My literature search revealed that maxillary first-molar ectopic eruption is highly correlated with large permanent maxillary teeth, abnormal permanent maxillary first molar angle of eruption, short maxillae, large deciduous maxillary teeth, posterior positioning of the maxilla and delayed calcification of affected maxillary first molars.1012 The mesial inclination of the developing maxillary first molar and its location (apical to the distobuccal root of the deciduous second molar) are radiographic prognosticators for ectopic eruption.8 Untreated irreversible ectopic eruption of the maxillary first molar results in loss of arch length.

Ectopic eruption of incisors. Ectopic eruption of the mandibular lateral incisor may delay its emergence into the mouth or result in the premature loss of the adjacent deciduous canine. Pronounced mandibular incisor crowding or premature loss of one or both deciduous canines is commonly associated with mandibular arch-length discrepancy. Therefore, analysis of arch length should be done.

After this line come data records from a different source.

(* Consider Algorithm NCB run with inputs $k\ge2$ and $T$ on an instance with $\mu^*\ge\frac{32\sqrt{k\log k\log T}}{\sqrt T}$, and let $i^*$ be an arm with $\mu_{i^*}=\mu^*$. On the event $G$, for every round $t>\widetilde T$ (i.e. every round of Phase II), the Nash confidence bound of $i^*$ at round $t$ satisfies $\mathrm{NCB}_{i^*,t}\ge\mu^*$.
   Context: Bandit setup: $k$ arms, arm $i$ a distribution on $[0,1]$ with mean $\mu_i$, $\mu^*:=\max_i\mu_i$. $\log$ is the natural logarithm. Canonical model: a $k\times T$ table $(Y_{i,s})$ of independent entries with $Y_{i,s}$ distributed as arm $i$; the $s$-th pull of arm $i$ yields $Y_{i,s}$. Let $\widehat\mu_{i,s}:=\frac1s\sum_{r=1}^sY_{i,r}$. Algorithm NCB (inputs $k,T$): $\widetilde T:=16\sqrt{\frac{kT\log T}{\log k}}$. Phase I: in each round $t\le\widetilde T$ pull a uniformly random arm. Phase II: in each round $\widetilde T<t\le T$ pull an arm maximizing $\mathrm{NCB}_i:=\widehat\mu_i+4\sqrt{\widehat\mu_i\log T/n_i}$, where $n_i$ is the number of pulls of $i$ before the round and $\widehat\mu_i$ its empirical mean (ties arbitrary); $\mathrm{NCB}_{i,t}$ denotes this value at round $t$. Events: $G_1$: every arm is pulled at least $\frac{\widetilde T}{2k}$ times in Phase I. $G_2$: for every arm $i$ with $\mu_i>\frac{6\sqrt{k\log k\log T}}{\sqrt T}$ and every integer $s$ with $\frac{\widetilde T}{2k}\le s\le T$, $|\mu_i-\widehat\mu_{i,s}|\le 3\sqrt{\frac{\mu_i\log T}{s}}$. $G_3$: for every arm $j$ with $\mu_j\le\frac{6\sqrt{k\log k\log T}}{\sqrt T}$ and every integer $s$ with $\frac{\widetilde T}{2k}\le s\le T$, $\widehat\mu_{j,s}\le \frac{9\sqrt{k\log k\log T}}{\sqrt T}$. $G:=G_1\cap G_2\cap G_3$. *)

theory Defs
  imports Complex_Main
begin

text \<open>Deterministic rendering of one outcome of the canonical model.
  Arms are 0..<k, rounds are 1..T.  Y i s is the s-th reward of arm i (s = 1..T),
  a t is the arm pulled in round t.\<close>

definition Ttil :: "nat \<Rightarrow> nat \<Rightarrow> real" where
  "Ttil k T = 16 * sqrt (real k * real T * ln (real T) / ln (real k))"

definition npulls :: "(nat \<Rightarrow> nat) \<Rightarrow> nat \<Rightarrow> nat \<Rightarrow> nat" where
  "npulls a i t = card {r \<in> {1..<t}. a r = i}"

definition muhat :: "(nat \<Rightarrow> nat \<Rightarrow> real) \<Rightarrow> nat \<Rightarrow> nat \<Rightarrow> real" where
  "muhat Y i s = (\<Sum>r = 1..s. Y i r) / real s"

definition NCB :: "nat \<Rightarrow> (nat \<Rightarrow> nat \<Rightarrow> real) \<Rightarrow> (nat \<Rightarrow> nat) \<Rightarrow> nat \<Rightarrow> nat \<Rightarrow> real" where
  "NCB T Y a i t =
     (let n = npulls a i t; m = muhat Y i n in m + 4 * sqrt (m * ln (real T) / real n))"

text \<open>a is a possible run of NCB: in Phase I arbitrary arms (any realisation of the
  uniform choices), in Phase II an NCB-maximising arm (ties arbitrary).\<close>
definition ncb_run :: "nat \<Rightarrow> nat \<Rightarrow> (nat \<Rightarrow> nat \<Rightarrow> real) \<Rightarrow> (nat \<Rightarrow> nat) \<Rightarrow> bool" where
  "ncb_run k T Y a \<longleftrightarrow>
     (\<forall>t \<in> {1..T}. a t < k) \<and>
     (\<forall>t \<in> {1..T}. Ttil k T < real t \<longrightarrow> (\<forall>j<k. NCB T Y a j t \<le> NCB T Y a (a t) t))"

definition thr :: "nat \<Rightarrow> nat \<Rightarrow> real" where
  "thr k T = sqrt (real k * ln (real k) * ln (real T)) / sqrt (real T)"

definition G1 :: "nat \<Rightarrow> nat \<Rightarrow> (nat \<Rightarrow> nat) \<Rightarrow> bool" where
  "G1 k T a \<longleftrightarrow>
     (\<forall>i<k. real (card {t \<in> {1..T}. real t \<le> Ttil k T \<and> a t = i}) \<ge> Ttil k T / (2 * real k))"

definition G2 :: "nat \<Rightarrow> nat \<Rightarrow> (nat \<Rightarrow> real) \<Rightarrow> (nat \<Rightarrow> nat \<Rightarrow> real) \<Rightarrow> bool" where
  "G2 k T \<mu> Y \<longleftrightarrow>
     (\<forall>i<k. \<mu> i > 6 * thr k T \<longrightarrow>
        (\<forall>s::nat. Ttil k T / (2 * real k) \<le> real s \<and> s \<le> T \<longrightarrow>
           \<bar>\<mu> i - muhat Y i s\<bar> \<le> 3 * sqrt (\<mu> i * ln (real T) / real s)))"

definition G3 :: "nat \<Rightarrow> nat \<Rightarrow> (nat \<Rightarrow> real) \<Rightarrow> (nat \<Rightarrow> nat \<Rightarrow> real) \<Rightarrow> bool" where
  "G3 k T \<mu> Y \<longleftrightarrow>
     (\<forall>j<k. \<mu> j \<le> 6 * thr k T \<longrightarrow>
        (\<forall>s::nat. Ttil k T / (2 * real k) \<le> real s \<and> s \<le> T \<longrightarrow>
           muhat Y j s \<le> 9 * thr k T))"

definition G :: "nat \<Rightarrow> nat \<Rightarrow> (nat \<Rightarrow> real) \<Rightarrow> (nat \<Rightarrow> nat \<Rightarrow> real) \<Rightarrow> (nat \<Rightarrow> nat) \<Rightarrow> bool" where
  "G k T \<mu> Y a \<longleftrightarrow> G1 k T a \<and> G2 k T \<mu> Y \<and> G3 k T \<mu> Y"

end

theory Submission
  imports Defs
begin

text \<open>On \<open>G\<close> the optimal arm has been pulled \<open>n \<ge> Ttil/(2k)\<close> times, and since
  \<open>Ttil/(2k) \<cdot> thr = 8 ln T\<close>, the hypothesis \<open>\<mu>* \<ge> 32 thr\<close> gives \<open>ln T / n \<le> \<mu>*/256\<close>.
  Then the concentration bound of \<open>G\<^sub>2\<close> is at most \<open>3\<mu>*/16\<close>, so the empirical mean \<open>h\<close> is at least
  \<open>13\<mu>*/16\<close>, and the confidence term \<open>4\<surd>(h ln T/n) \<ge> 3\<surd>(\<mu>* ln T/n)\<close> outweighs the
  concentration error. If \<open>\<mu>* \<le> 6 thr\<close>, then \<open>\<mu>* = 0\<close> and the claim is trivial.\<close>

lemma confidence_bound_dominates:
  fixes \<mu> h q :: real
  assumes "0 \<le> \<mu>" "0 \<le> q" "q \<le> \<mu> / 256" "\<bar>\<mu> - h\<bar> \<le> 3 * sqrt (\<mu> * q)"
  shows "\<mu> \<le> h + 4 * sqrt (h * q)"
proof -
  have "\<mu> * q \<le> (\<mu> / 16)\<^sup>2"
    using mult_left_mono[OF assms(3,1)] by (simp add: power2_eq_square)
  then have "sqrt (\<mu> * q) \<le> \<mu> / 16"
    using assms(1) real_sqrt_le_mono by fastforce
  then have h_ge: "13/16 * \<mu> \<le> h"
    using assms(4) by linarith
  have "9/16 * \<mu> * q \<le> h * q"
    using h_ge assms(1) by (intro mult_right_mono[OF _ assms(2)]) linarith
  then have "sqrt (9/16 * (\<mu> * q)) \<le> sqrt (h * q)"
    by simp
  moreover have "sqrt (9/16 * (\<mu> * q)) = 3/4 * sqrt (\<mu> * q)"
    by (simp add: real_sqrt_mult real_sqrt_divide)
  ultimately show ?thesis
    using assms(4) by linarith
qed

lemma log_over_pulls_le:
  fixes m \<theta> L \<mu> :: real and n :: nat
  assumes "m * \<theta> = 8 * L" "0 \<le> m" "m \<le> real n" "0 \<le> L" "0 \<le> \<mu>" "32 * \<theta> \<le> \<mu>"
  shows "L / real n \<le> \<mu> / 256"
proof (cases "m = 0")
  case True
  then show ?thesis
    using assms by simp
next
  case False
  then have "L / real n \<le> L / m"
    using assms(2-4) by (intro divide_left_mono) auto
  also have "\<dots> = \<theta> / 8"
    using assms(1) False by (simp add: field_simps)
  finally show ?thesis
    using assms(6) by linarith
qed

lemma npulls_le: "npulls a i t \<le> t - 1"
proof -
  have "npulls a i t \<le> card {1..<t}"
    unfolding npulls_def by (rule card_mono) auto
  then show ?thesis
    by simp
qed

lemma card_rounds_before_le_npulls:
  assumes "x < real t"
  shows "card {r \<in> {1..T}. real r \<le> x \<and> a r = i} \<le> npulls a i t"
  unfolding npulls_def using assms by (intro card_mono) auto

lemma muhat_nonneg:
  assumes "\<forall>s\<in>{1..n}. 0 \<le> Y i s"
  shows "0 \<le> muhat Y i n"
  unfolding muhat_def using assms by (intro divide_nonneg_nonneg sum_nonneg) auto

lemma thr_nonneg:
  assumes "1 \<le> k"
  shows "0 \<le> thr k T"
  unfolding thr_def using assms by (cases "T = 0") (auto intro!: divide_nonneg_nonneg mult_nonneg_nonneg)

lemma Ttil_mul_thr:
  assumes "2 \<le> k"
  shows "Ttil k T / (2 * real k) * thr k T = 8 * ln (real T)"
proof -
  define L where "L = ln (real T)"
  have L: "0 \<le> L"
    unfolding L_def by (cases "T = 0") auto
  have lnk: "0 < ln (real k)" and k: "0 < real k"
    using assms by auto
  have "Ttil k T / (2 * real k) * thr k T
      = 8 * (sqrt (real k * real T * L / ln (real k)) * sqrt (real k * ln (real k) * L))
          / (real k * sqrt (real T))"
    unfolding Ttil_def thr_def L_def by (simp add: field_simps)
  also have "sqrt (real k * real T * L / ln (real k)) * sqrt (real k * ln (real k) * L)
      = sqrt ((real k * L)\<^sup>2 * real T)"
    unfolding real_sqrt_mult[symmetric] using lnk by (simp add: field_simps power2_eq_square)
  also have "\<dots> = real k * L * sqrt (real T)"
    using k L by (simp add: real_sqrt_mult)
  finally show ?thesis
    using k unfolding L_def by (cases "T = 0") auto
qed

theorem lemma2:
  fixes k T :: nat and \<mu> :: "nat \<Rightarrow> real" and Y :: "nat \<Rightarrow> nat \<Rightarrow> real"
    and a :: "nat \<Rightarrow> nat" and istar t :: nat
  assumes "k \<ge> 2"
    and "\<forall>i<k. 0 \<le> \<mu> i \<and> \<mu> i \<le> 1"
    and "\<forall>i<k. \<forall>s\<in>{1..T}. 0 \<le> Y i s \<and> Y i s \<le> 1"
    and "Max (\<mu> ` {..<k}) \<ge> 32 * thr k T"
    and "istar < k" and "\<mu> istar = Max (\<mu> ` {..<k})"
    and "ncb_run k T Y a"
    and "G k T \<mu> Y a"
    and "Ttil k T < real t" and "t \<le> T"
  shows "NCB T Y a istar t \<ge> Max (\<mu> ` {..<k})"
proof -
  define n where "n = npulls a istar t"
  define h where "h = muhat Y istar n"
  have n_le: "n \<le> T"
    using npulls_le[of a istar t] assms(10) unfolding n_def by linarith
  have n_ge: "Ttil k T / (2 * real k) \<le> real n"
    using assms(5,8) card_rounds_before_le_npulls[OF assms(9), of T a istar]
    unfolding G_def G1_def n_def by (meson of_nat_le_iff order_trans)
  have h: "0 \<le> h"
    unfolding h_def using assms(3,5) n_le by (intro muhat_nonneg) auto
  have NCB: "NCB T Y a istar t = h + 4 * sqrt (h * (ln (real T) / real n))"
    unfolding NCB_def n_def h_def Let_def by simp
  have L: "0 \<le> ln (real T)"
    by (cases "T = 0") auto
  have Ttil: "0 \<le> Ttil k T"
    unfolding Ttil_def using assms(1) L by simp
  have \<mu>: "0 \<le> \<mu> istar"
    using assms(2,5) by auto
  show ?thesis
  proof (cases "\<mu> istar > 6 * thr k T")
    case False
    then have "\<mu> istar = 0"
      using assms(4,6) thr_nonneg[of k T] assms(1) \<mu> by linarith
    then show ?thesis
      using assms(6) NCB h L by simp
  next
    case True
    have concentration: "\<bar>\<mu> istar - h\<bar> \<le> 3 * sqrt (\<mu> istar * (ln (real T) / real n))"
      using assms(5,8) True n_ge n_le unfolding G_def G2_def h_def by auto
    have "ln (real T) / real n \<le> \<mu> istar / 256"
      using Ttil_mul_thr[OF assms(1), of T] n_ge Ttil L \<mu> assms(4,6)
      by (intro log_over_pulls_le) auto
    then have "\<mu> istar \<le> h + 4 * sqrt (h * (ln (real T) / real n))"
      using L by (intro confidence_bound_dominates[OF \<mu> _ _ concentration]) auto
    then show ?thesis
      using NCB assms(6) by simp
  qed
qed

end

Supernumerary teeth. About 1 to 3 percent of the population have supernumerary teeth.13,14 More than 90 percent of supernumerary teeth are found in the maxilla, with the vast majority located in the premaxilla.1113,15 Primosch13 recommended routine radiographic examination of the maxillary occlusal surface in children aged 6 through 9 years. Because supernumerary teeth frequently appear in the premaxilla, their presence must be ruled out when maxillary incisor eruption is delayed or the eruption sequence is atypical. Complications associated with the presence of supernumerary teeth are cystic degeneration, nasal eruption, interference with the eruption of adjacent permanent teeth (delayed or displaced), resorption of adjacent permanent teeth, permanent tooth rotation, diastema, local infection and periodontitis.11,13

In an attempt to establish treatment options, authors11,12,14 have categorized supernumerary teeth by their shape: conical (peglike) and tuberculate (tooth width and length are similar).11,12,14 The conical form is the most common, is usually located between the maxillary incisors and frequently erupts. The conical form can displace or rotate adjacent maxillary incisors; however, incisor eruption is rarely delayed.14 Therefore, conical supernumerary teeth are permitted to erupt, which simplifies their removal. The inverted conical form is frequently associated with cystic lesions and can erupt into the nasal floor, becoming more difficult to remove with time.11 The removal of these supernumerary teeth is recommended.13,14 The tuberculate form rarely erupts, is frequently bilateral and interferes with permanent tooth eruption.11,12 Immediate removal of the tuberculate supernumerary tooth is also recommended.13,14

Tissue obstructions. If permanent tooth eruption is delayed and if findings of clinical and radiographic examinations are unremarkable, then the dental professional should consider soft-tissue or osseous interferences to eruption. Non-pathological soft-tissue interferences arise from thickened gingival tissue or thickened follicular tissue.9,16 If the stage of root development is not consistent with the extent of eruption, I recommend that the clinician compare clinical and radiographic findings with those obtained more than six months earlier to assess tooth eruption.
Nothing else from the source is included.